Front Cell Infect Microbiol. 2023 Feb 6;13:1001973. doi: 10.3389/fcimb.2023.1001973. eCollection 2023.
6
Reporter gene systems: A powerful tool for studies.报告基因系统:研究的强大工具。
Curr Res Microb Sci. 2022 Sep 29;3:100165. doi: 10.1016/j.crmicr.2022.100165. eCollection 2022.
7
Genetic diversity and population structure of Leishmania (Viannia) braziliensis in the Peruvian jungle.秘鲁丛林中巴西利什曼原虫(Viannia)的遗传多样性和种群结构。
PLoS Negl Trop Dis. 2022 May 23;16(5):e0010374. doi: 10.1371/journal.pntd.0010374. eCollection 2022 May.
8
Transcriptional Shift and Metabolic Adaptations during Quiescence Using Stationary Phase and Drug Pressure as Models.以稳定期和药物压力为模型,研究静止期的转录转变和代谢适应
Microorganisms. 2022 Jan 3;10(1):97. doi: 10.3390/microorganisms10010097.
9
Nitric oxide controls proliferation of Leishmania major by inhibiting the recruitment of permissive host cells.一氧化氮通过抑制许可宿主细胞的募集来控制利什曼原虫的增殖。
Immunity. 2021 Dec 14;54(12):2724-2739.e10. doi: 10.1016/j.immuni.2021.09.021. Epub 2021 Oct 22.
10
Pharmacokinetics and pharmacodynamics in the treatment of cutaneous leishmaniasis - challenges and opportunities.皮肤利什曼病治疗中的药代动力学与药效学——挑战与机遇
RSC Med Chem. 2021 Jan 7;12(4):472-482. doi: 10.1039/d0md00343c.

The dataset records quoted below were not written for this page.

(* Let $\Phi$ be a strict Young function and let $a\in L^\infty(\mathbf R^d\setminus\{0\})$ be such that $$\sup_{R>0}\Big(R^{-d+2|\alpha|}\int_{A_R}|\partial^\alpha a(\xi)|^2\,d\xi\Big)<\infty$$ for every $\alpha\in\mathbf N^d$ with $|\alpha|\le[\tfrac d2]+1$, where $A_R=\{\xi\in\mathbf R^d: R<|\xi|<2R\}$. Then $a(D)$ is continuous on $L^\Phi(\mathbf R^d)$ and on $wL^\Phi(\mathbf R^d)$, i.e. there is $C>0$ with $\|a(D)f\|_{L^\Phi}\le C\|f\|_{L^\Phi}$ for $f\in L^\Phi(\mathbf R^d)$ and $\|a(D)f\|_{wL^\Phi}\le C\|f\|_{wL^\Phi}$ for $f\in wL^\Phi(\mathbf R^d)$.
   Context: A Young function is a map $\Phi:[0,\infty)\to[0,\infty]$ which is convex, satisfies $\Phi(0)=0$ and $\lim_{t\to\infty}\Phi(t)=+\infty$. $\Phi$ satisfies the $\Delta_2$-condition if there is $C\ge 1$ with $\Phi(2t)\le C\Phi(t)$ for all $t\ge 0$; it satisfies the $\Lambda$-condition if there is $p>1$ with $\Phi(ct)\le c^p\Phi(t)$ for all $t\ge0$, $c\in(0,1]$. A Young function is strict if it is finite-valued on $[0,\infty)$ and satisfies both the $\Delta_2$- and the $\Lambda$-condition. $L^\Phi(\mathbf R^d)$ is the set of measurable $f$ with $\|f\|_{L^\Phi}=\inf\{\lambda>0:\int\Phi(|f|/\lambda)\,dx\le1\}<\infty$. With $\mu_f(t)$ the Lebesgue measure of $\{x:|f(x)|>t\}$, the weak Orlicz space $wL^\Phi(\mathbf R^d)$ is the set of measurable $f$ with $\|f\|_{wL^\Phi}=\inf\{\lambda>0:\sup_{t>0}\Phi(t/\lambda)\mu_f(t)\le 1\}<\infty$. The operator $a(D)f=\mathcal F^{-1}(a\widehat f)$ is bounded on each $L^p$, $1<p<\infty$ (Hörmander's multiplier theorem), hence extends uniquely to $L^{p_0}+L^{p_1}$ for $1<p_0<p_1<\infty$; the claim concerns this extension, which contains $L^\Phi$ and $wL^\Phi$ for suitable such $p_0,p_1$. *)

theory Defs
  imports "HOL-Analysis.Analysis"
begin

text \<open>A strict Young function is finite-valued, so it is represented as a real function on
  [0,\<infinity>) (values outside [0,\<infinity>) are irrelevant).\<close>

definition young_function :: "(real \<Rightarrow> real) \<Rightarrow> bool" where
  "young_function \<Phi> \<longleftrightarrow> convex_on {0..} \<Phi> \<and> \<Phi> 0 = 0 \<and> (\<forall>t\<ge>0. \<Phi> t \<ge> 0)
     \<and> filterlim \<Phi> at_top at_top"

definition Delta2_cond :: "(real \<Rightarrow> real) \<Rightarrow> bool" where
  "Delta2_cond \<Phi> \<longleftrightarrow> (\<exists>C\<ge>1. \<forall>t\<ge>0. \<Phi> (2 * t) \<le> C * \<Phi> t)"

definition Lambda_cond :: "(real \<Rightarrow> real) \<Rightarrow> bool" where
  "Lambda_cond \<Phi> \<longleftrightarrow> (\<exists>p>1. \<forall>t\<ge>0. \<forall>c. 0 < c \<and> c \<le> 1 \<longrightarrow> \<Phi> (c * t) \<le> c powr p * \<Phi> t)"

definition strict_young :: "(real \<Rightarrow> real) \<Rightarrow> bool" where
  "strict_young \<Phi> \<longleftrightarrow> young_function \<Phi> \<and> Delta2_cond \<Phi> \<and> Lambda_cond \<Phi>"

definition orlicz_set :: "(real \<Rightarrow> real) \<Rightarrow> ('a::euclidean_space \<Rightarrow> complex) \<Rightarrow> real set" where
  "orlicz_set \<Phi> f = {s. s > 0 \<and> (\<integral>\<^sup>+ x. ennreal (\<Phi> (cmod (f x) / s)) \<partial>lebesgue) \<le> 1}"

definition in_orlicz :: "(real \<Rightarrow> real) \<Rightarrow> ('a::euclidean_space \<Rightarrow> complex) \<Rightarrow> bool" where
  "in_orlicz \<Phi> f \<longleftrightarrow> f \<in> borel_measurable lebesgue \<and> orlicz_set \<Phi> f \<noteq> {}"

definition orlicz_norm :: "(real \<Rightarrow> real) \<Rightarrow> ('a::euclidean_space \<Rightarrow> complex) \<Rightarrow> real" where
  "orlicz_norm \<Phi> f = Inf (orlicz_set \<Phi> f)"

巴西利什曼原虫不同生命阶段的大分子生物合成参数和代谢概况:无鞭毛体作为功能活性较低的阶段。
PLoS One. 2017 Jul 25;12(7):e0180532. doi: 10.1371/journal.pone.0180532. eCollection 2017.
4
Modulation of Aneuploidy in during Adaptation to Different and Environments and Its Impact on Gene Expression.适应不同温度和盐度环境过程中染色体数目异常的调控及其对基因表达的影响
mBio. 2017 May 23;8(3):e00599-17. doi: 10.1128/mBio.00599-17.
5
ATP-Dependent Persister Formation in Escherichia coli.大肠杆菌中依赖ATP的持留菌形成
mBio. 2017 Feb 7;8(1):e02267-16. doi: 10.1128/mBio.02267-16.
6
Continual renewal and replication of persistent Leishmania major parasites in concomitantly immune hosts.持续性硕大利什曼原虫寄生虫在同时具有免疫能力的宿主体内持续更新和复制。

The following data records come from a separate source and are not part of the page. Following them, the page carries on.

lemma power_add_prime:
  fixes x y :: "'a::comm_ring_1"
  assumes "prime p"
  shows "(x + y) ^ p = x ^ p + y ^ p + of_nat p * cross_terms p x y"
proof -
  have p: "p \<ge> 1"
    using assms prime_gt_0_nat by (simp add: Suc_leI)
  have "(x + y) ^ p = (\<Sum>k\<le>p. of_nat (p choose k) * x ^ k * y ^ (p - k))"
    by (simp add: binomial_ring)
  also have "{..p} = insert 0 (insert p {1..<p})"
    using p by auto
  also have "(\<Sum>k\<in>insert 0 (insert p {1..<p}). of_nat (p choose k) * x ^ k * y ^ (p - k)) =
      y ^ p + (x ^ p + (\<Sum>k\<in>{1..<p}. of_nat (p choose k) * x ^ k * y ^ (p - k)))"
    using p by (subst sum.insert; auto)+
  also have "(\<Sum>k\<in>{1..<p}. of_nat (p choose k) * x ^ k * y ^ (p - k)) = of_nat p * cross_terms p x y"
    unfolding cross_terms_def sum_distrib_left
  proof (rule sum.cong)
    fix k
    assume "k \<in> {1..<p}"
    then have "p dvd (p choose k)"
      using assms by (intro dvd_choose_prime) auto
    then have "(of_nat (p choose k) :: 'a) = of_nat p * of_nat ((p choose k) div p)"
      by (simp flip: of_nat_mult)
    then show "of_nat (p choose k) * x ^ k * y ^ (p - k) =
        of_nat p * (of_nat ((p choose k) div p) * x ^ k * y ^ (p - k))"
      by (simp add: mult.assoc)
  qed simp
  finally show ?thesis
    by (simp add: algebra_simps)
qed

lemma dvd_cross_terms: "y dvd cross_terms p x y"
  unfolding cross_terms_def by (intro dvd_sum dvd_mult dvd_power) auto

lemma ring_hom_cross_terms: "is_ring_hom h \<Longrightarrow> h (cross_terms p x y) = cross_terms p (h x) (h y)"
  by (simp add: cross_terms_def ring_hom_sum ring_hom_mult ring_hom_power ring_hom_of_nat)

lemma of_nat_prime_dvd_of_int_power_diff:
  assumes "prime p"
  shows "(of_nat p :: 'a::comm_ring_1) dvd of_int c ^ p - of_int c"
proof (induction c rule: int_induct[where k = 0])
  case base
  then show ?case
    using assms prime_gt_0_nat by (simp add: power_0_left)
next
  case (step1 i)
  have eq: "(of_int (i + 1) :: 'a) ^ p - of_int (i + 1) =
      (of_int i ^ p - of_int i) + of_nat p * cross_terms p (of_int i) 1"
    using power_add_prime[OF assms, of "of_int i :: 'a" 1] by (simp add: algebra_simps)
  show ?case
    unfolding eq by (intro dvd_add dvd_triv_left step1)
next
  case (step2 i)
  have "(of_int i :: 'a) ^ p = (of_int (i - 1) + 1) ^ p"
    by simp
  also have "\<dots> = of_int (i - 1) ^ p + 1 + of_nat p * cross_terms p (of_int (i - 1)) 1"
    using power_add_prime[OF assms, of "of_int (i - 1) :: 'a" 1] by simp
  finally have eq: "(of_int (i - 1) :: 'a) ^ p - of_int (i - 1) =
      (of_int i ^ p - of_int i) - of_nat p * cross_terms p (of_int (i - 1)) 1"
    by (simp add: algebra_simps)
  show ?case
    unfolding eq by (intro dvd_diff dvd_triv_left step2)
qed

Proc Natl Acad Sci U S A. 2017 Jan 31;114(5):E801-E810. doi: 10.1073/pnas.1619265114. Epub 2017 Jan 17.
7
Phenotypic diversity and selection maintain Leishmania amazonensis infectivity in BALB/c mouse model.表型多样性与选择维持亚马逊利什曼原虫在BALB/c小鼠模型中的感染性。
Mem Inst Oswaldo Cruz. 2017 Jan 1;112(1):44-52. doi: 10.1590/0074-02760160280.
8
Profiling persistent tubercule bacilli from patient sputa during therapy predicts early drug efficacy.在治疗期间对患者痰液中的持续性结核杆菌进行分析可预测早期药物疗效。

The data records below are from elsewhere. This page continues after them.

section \<open>Functions invariant under descent cycling\<close>

locale descent_cycling =
  fixes n :: nat and f :: "(nat \<Rightarrow> nat) \<Rightarrow> (nat \<Rightarrow> nat) \<Rightarrow> (nat \<Rightarrow> nat) \<Rightarrow> int"
  assumes cycle: "\<And>u v w i. u permutes {1..n} \<Longrightarrow> v permutes {1..n} \<Longrightarrow> w permutes {1..n}
       \<Longrightarrow> len n u + len n v + len n w + 1 = n choose 2
       \<Longrightarrow> i \<in> {1..n-1} \<Longrightarrow> u i < u (i+1) \<Longrightarrow> v i < v (i+1) \<Longrightarrow> w i < w (i+1)
       \<Longrightarrow> f (u \<circ> sref i) v w = f u (v \<circ> sref i) w \<and> f u (v \<circ> sref i) w = f u v (w \<circ> sref i)"
    and vanish: "\<And>u v w i. schubert_problem n u v w \<Longrightarrow> i \<in> {1..n-1}
       \<Longrightarrow> u i < u (i+1) \<Longrightarrow> v i < v (i+1) \<Longrightarrow> w i < w (i+1) \<Longrightarrow> f u v w = 0"
    and normalized: "f id id (longest n) = 1"
begin

lemma cycle_outer:
  assumes u: "u permutes {1..n}" and v: "v permutes {1..n}" and w: "w permutes {1..n}"
    and lens: "len n u + len n v + len n w = n choose 2"
    and m: "1 \<le> m" "m < n" and v_asc: "v m < v (m + 1)"
    and opposite: "u m < u (m + 1) \<longleftrightarrow> w (m + 1) < w m"
  shows "f u v w = f (u \<circ> sref m) v (w \<circ> sref m)"
proof (cases "u m < u (m + 1)")
  case True
  let ?w = "w \<circ> sref m"
  have "f (u \<circ> sref m) v ?w = f u v (?w \<circ> sref m)"
  proof -
    have "len n ?w + 1 = len n w"
      using len_comp_sref_descent[OF m] True opposite by simp
    then show ?thesis
      using cycle[OF u v permutes_compose[OF sref_permutes[OF m] w], of m] lens m True v_asc opposite
      by (simp add: sref_apply)
  qed
  then show ?thesis
    by simp
next
  case False
  let ?u = "u \<circ> sref m"
  have "u (m + 1) < u m" "w m < w (m + 1)"
    using False opposite inj_less_iff_not_less[OF permutes_inj[OF u], of m "m + 1"]
      inj_less_iff_not_less[OF permutes_inj[OF w], of m "m + 1"] by simp_all
  moreover have "len n ?u + 1 = len n u"
    using len_comp_sref_descent[OF m] \<open>u (m + 1) < u m\<close> by simp
  ultimately have "f (?u \<circ> sref m) v w = f ?u v (w \<circ> sref m)"
    using cycle[OF permutes_compose[OF sref_permutes[OF m] u] v w, of m] lens m v_asc
    by (simp add: sref_apply)
  then show ?thesis
    by simp
qed

lemma f_id_longest_comp:
  assumes "p permutes {1..n}"
  shows "f p id (longest n \<circ> p) = 1"
  using assms
proof (induction "len n p" arbitrary: p rule: less_induct)
  case less
  show ?case
  proof (cases "p = id")
    case True
    then show ?thesis
      using normalized by simp
  next
    case False
    then obtain m where m: "1 \<le> m" "m < n" and desc: "p (m + 1) < p m"
      using permutes_exists_descent[OF less.prems] by blast
    define q where "q = p \<circ> sref m"
    have q: "q permutes {1..n}"
      unfolding q_def by (rule permutes_compose[OF sref_permutes[OF m] less.prems])
    have "len n q + 1 = len n p"
      unfolding q_def by (rule len_comp_sref_descent[OF m desc])
    then have IH: "f q id (longest n \<circ> q) = 1"
      using less.hyps q by simp
    have "(longest n \<circ> p) m < (longest n \<circ> p) (m + 1)"
      using longest_comp_less_iff[OF less.prems] m desc by simp
    then have "f (q \<circ> sref m) id (longest n \<circ> p) = f q id (longest n \<circ> p \<circ> sref m)"
      using cycle[OF q permutes_id permutes_compose[OF less.prems longest_permutes], of m]
        \<open>len n q + 1 = len n p\<close> len_add_len_longest_comp[OF less.prems] len_id[of n] m desc
      by (simp add: q_def sref_apply comp_assoc)
    moreover have "q \<circ> sref m = p"
      by (simp add: q_def)
    moreover have "longest n \<circ> p \<circ> sref m = longest n \<circ> q"
      by (simp add: q_def comp_assoc)
    ultimately show ?thesis
      using IH by simp
  qed
qed

lemma monk_rule_adjacent:
  assumes p: "p permutes {1..n}" and i: "1 \<le> i" "i < n" and j: "1 \<le> j" "j < n"
    and desc: "(longest n \<circ> p) (j + 1) < (longest n \<circ> p) j"
  shows "f p (sref i) (longest n \<circ> p \<circ> sref j) = (if j = i then 1 else 0)"
proof -
  let ?\<sigma> = "longest n \<circ> p \<circ> sref j"
  have \<sigma>: "?\<sigma> permutes {1..n}"
    by (intro permutes_compose[OF sref_permutes[OF j]] permutes_compose[OF p longest_permutes])
  have p_asc: "p j < p (j + 1)"
    using desc longest_comp_less_iff[OF p] j by simp
  have \<sigma>_asc: "?\<sigma> j < ?\<sigma> (j + 1)"
    using desc by (simp add: sref_apply)
  have lens: "len n p + len n ?\<sigma> + 1 = n choose 2"
    using len_comp_sref_descent[OF j desc] len_add_len_longest_comp[OF p] by linarith
  show ?thesis
  proof (cases "j = i")
    case True
    then have "f (p \<circ> sref i) id ?\<sigma> = f p (sref i) ?\<sigma> \<and> f p (sref i) ?\<sigma> = f p id (?\<sigma> \<circ> sref i)"
      using cycle[OF p permutes_id \<sigma>, of i] lens len_id[of n] p_asc \<sigma>_asc i by simp
    then have "f p (sref i) ?\<sigma> = f p id (longest n \<circ> p)"
      using True by simp
    then show ?thesis
      using True f_id_longest_comp[OF p] by simp
  next
    case False
    have "schubert_problem n p (sref i) ?\<sigma>"
      unfolding schubert_problem_def using p sref_permutes[OF i] \<sigma> lens len_sref[OF i] by simp
    then have "f p (sref i) ?\<sigma> = 0"
      by (rule vanish[of _ _ _ j]) (use j p_asc \<sigma>_asc False in \<open>auto simp: sref_apply\<close>)
    then show ?thesis
      using False by simp
  qed
qed

lemma monk_rule_shift:
  assumes p: "p permutes {1..n}" and i: "1 \<le> i" "i < n" and jk: "1 \<le> j" "j + 1 < k" "k \<le> n"
    and desc: "(longest n \<circ> p) k < (longest n \<circ> p) j"
    and cover: "len n (longest n \<circ> p \<circ> transpose j k) + 1 = len n (longest n \<circ> p)"
    and m: "m = j \<or> m + 1 = k" "m \<noteq> i"
  shows "f p (sref i) (longest n \<circ> p \<circ> transpose j k)
           = f (p \<circ> sref m) (sref i) (longest n \<circ> p \<circ> transpose j k \<circ> sref m)"
proof -
  let ?\<tau> = "longest n \<circ> p"
  let ?\<sigma> = "longest n \<circ> p \<circ> transpose j k"
  have m_range: "1 \<le> m" "m < n"
    using jk m by auto
  have \<tau>: "?\<tau> permutes {1..n}"
    by (rule permutes_compose[OF p longest_permutes])
  have \<sigma>: "?\<sigma> permutes {1..n}"
    using jk by (intro permutes_compose[OF _ \<tau>] permutes_swap_id) auto
  have "p m < p (m + 1) \<longleftrightarrow> ?\<tau> (m + 1) < ?\<tau> m"
    using longest_comp_less_iff[OF p] m_range by simp
  also have "\<dots> \<longleftrightarrow> ?\<sigma> (m + 1) < ?\<sigma> m"
    using covering_transpose_ascent_iff[OF \<tau> jk desc cover m(1)]
      inj_less_iff_not_less[OF permutes_inj[OF \<tau>], of m "m + 1"]
      inj_less_iff_not_less[OF permutes_inj[OF \<sigma>], of m "m + 1"] by simp
  finally show ?thesis
    using cycle_outer[OF p sref_permutes[OF i] \<sigma> _ m_range]
      len_add_len_longest_comp[OF p] cover len_sref[OF i] m(2)
    by (simp add: sref_apply)
qed

lemma monk_rule:
  assumes p: "p permutes {1..n}" and i: "1 \<le> i" "i < n" and jk: "1 \<le> j" "j < k" "k \<le> n"
    and desc: "(longest n \<circ> p) k < (longest n \<circ> p) j"
    and cover: "len n (longest n \<circ> p \<circ> transpose j k) + 1 = len n (longest n \<circ> p)"
  shows "f p (sref i) (longest n \<circ> p \<circ> transpose j k) = (if j \<le> i \<and> i < k then 1 else 0)"
  using p jk desc cover
proof (induction "k - j" arbitrary: p j k rule: less_induct)
  case less
  show ?case
  proof (cases "k = j + 1")
    case True
    then show ?thesis
      using monk_rule_adjacent[OF less.prems(1) i less.prems(2)] less.prems by (simp add: sref_def)
  next
    case False
    then have jk: "j + 1 < k"
      using less.prems by simp
    obtain m where m: "m = j \<or> m + 1 = k" "m \<noteq> i"
    proof (cases "j = i")
      case True
      then show ?thesis
        using jk that[of "k - 1"] by simp
    qed (use that[of j] in simp)
    define p' where "p' = p \<circ> sref m"
    define j' where "j' = sref m j"
    define k' where "k' = sref m k"
    have shifted: "1 \<le> j'" "j' < k'" "k' \<le> n" "k' - j' < k - j"
      "j' \<le> i \<and> i < k' \<longleftrightarrow> j \<le> i \<and> i < k"
      using m jk less.prems(2-4) by (auto simp: j'_def k'_def sref_apply)
    have p': "p' permutes {1..n}"
      unfolding p'_def using m jk less.prems(2,4)
      by (intro permutes_compose[OF sref_permutes less.prems(1)]) auto
    have \<tau>': "longest n \<circ> p' = longest n \<circ> p \<circ> sref m"
      by (simp add: p'_def comp_assoc)
    have desc': "(longest n \<circ> p') k' < (longest n \<circ> p') j'"
      using less.prems(5) by (simp add: \<tau>' j'_def k'_def)
    have cover': "len n (longest n \<circ> p' \<circ> transpose j' k') + 1 = len n (longest n \<circ> p')"
      unfolding \<tau>' j'_def k'_def
      by (rule covering_transpose_comp_sref[OF permutes_compose[OF less.prems(1) longest_permutes]
            less.prems(2) jk less.prems(4-6) m(1)])
    have "f p (sref i) (longest n \<circ> p \<circ> transpose j k) = f p' (sref i) (longest n \<circ> p' \<circ> transpose j' k')"
      unfolding monk_rule_shift[OF less.prems(1) i less.prems(2) jk less.prems(4-6) m] comp_transpose_comp_sref
      by (simp add: p'_def j'_def k'_def comp_assoc)
    also have "\<dots> = (if j \<le> i \<and> i < k then 1 else 0)"
      using less.hyps[OF shifted(4) p' shifted(1-3) desc' cover'] shifted(5) by simp
    finally show ?thesis .
  qed
qed

end

theorem theorem1:
  fixes n :: nat and f :: "(nat \<Rightarrow> nat) \<Rightarrow> (nat \<Rightarrow> nat) \<Rightarrow> (nat \<Rightarrow> nat) \<Rightarrow> int"
  assumes n2: "n \<ge> 2"
    and cyc: "\<And>u v w i. u permutes {1..n} \<Longrightarrow> v permutes {1..n} \<Longrightarrow> w permutes {1..n}
       \<Longrightarrow> len n u + len n v + len n w + 1 = n choose 2
       \<Longrightarrow> i \<in> {1..n-1} \<Longrightarrow> u i < u (i+1) \<Longrightarrow> v i < v (i+1) \<Longrightarrow> w i < w (i+1)
       \<Longrightarrow> f (u \<circ> sref i) v w = f u (v \<circ> sref i) w \<and> f u (v \<circ> sref i) w = f u v (w \<circ> sref i)"
    and vanish: "\<And>u v w i. schubert_problem n u v w \<Longrightarrow> i \<in> {1..n-1}
       \<Longrightarrow> u i < u (i+1) \<Longrightarrow> v i < v (i+1) \<Longrightarrow> w i < w (i+1) \<Longrightarrow> f u v w = 0"
    and norm: "f id id (longest n) = 1"
    and pi: "\<pi> permutes {1..n}"
    and i: "i \<in> {1..n-1}"
    and tau: "\<tau> = (\<lambda>m. if m \<in> {1..n} then n + 1 - \<pi> m else m)"
    and jk: "j \<in> {1..n}" "k \<in> {1..n}" "j < k" "\<tau> j > \<tau> k"
    and sigma: "\<sigma> = \<tau> \<circ> Transposition.transpose j k"
    and lsig: "len n \<sigma> + 1 = len n \<tau>"
  shows "(j \<le> i \<and> i < k \<longrightarrow> f \<pi> (sref i) \<sigma> = 1)
       \<and> ((j \<le> i \<and> k \<le> i) \<or> (i + 1 \<le> j \<and> i + 1 \<le> k) \<longrightarrow> f \<pi> (sref i) \<sigma> = 0)"
proof -
  interpret descent_cycling n f
    by unfold_locales (fact cyc vanish norm)+
  have \<tau>: "\<tau> = longest n \<circ> \<pi>"
    using longest_comp_eq[OF pi] tau by simp
  have "f \<pi> (sref i) \<sigma> = (if j \<le> i \<and> i < k then 1 else 0)"
    unfolding sigma \<tau>
    by (rule monk_rule[OF pi]) (use i jk lsig sigma \<tau> in auto)
  then show ?thesis
    by auto
qed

BMC Med. 2016 Apr 7;14:68. doi: 10.1186/s12916-016-0609-3.
9
Leishmania carbon metabolism in the macrophage phagolysosome- feast or famine?巨噬细胞吞噬溶酶体中的利什曼原虫碳代谢——盛宴还是饥荒?
F1000Res. 2015 Oct 1;4(F1000 Faculty Rev):938. doi: 10.12688/f1000research.6724.1. eCollection 2015.
10
Leishmania hijacking of the macrophage intracellular compartments.利什曼原虫劫持巨噬细胞的细胞内隔室。
FEBS J. 2016 Feb;283(4):598-607. doi: 10.1111/febs.13601. Epub 2015 Dec 14.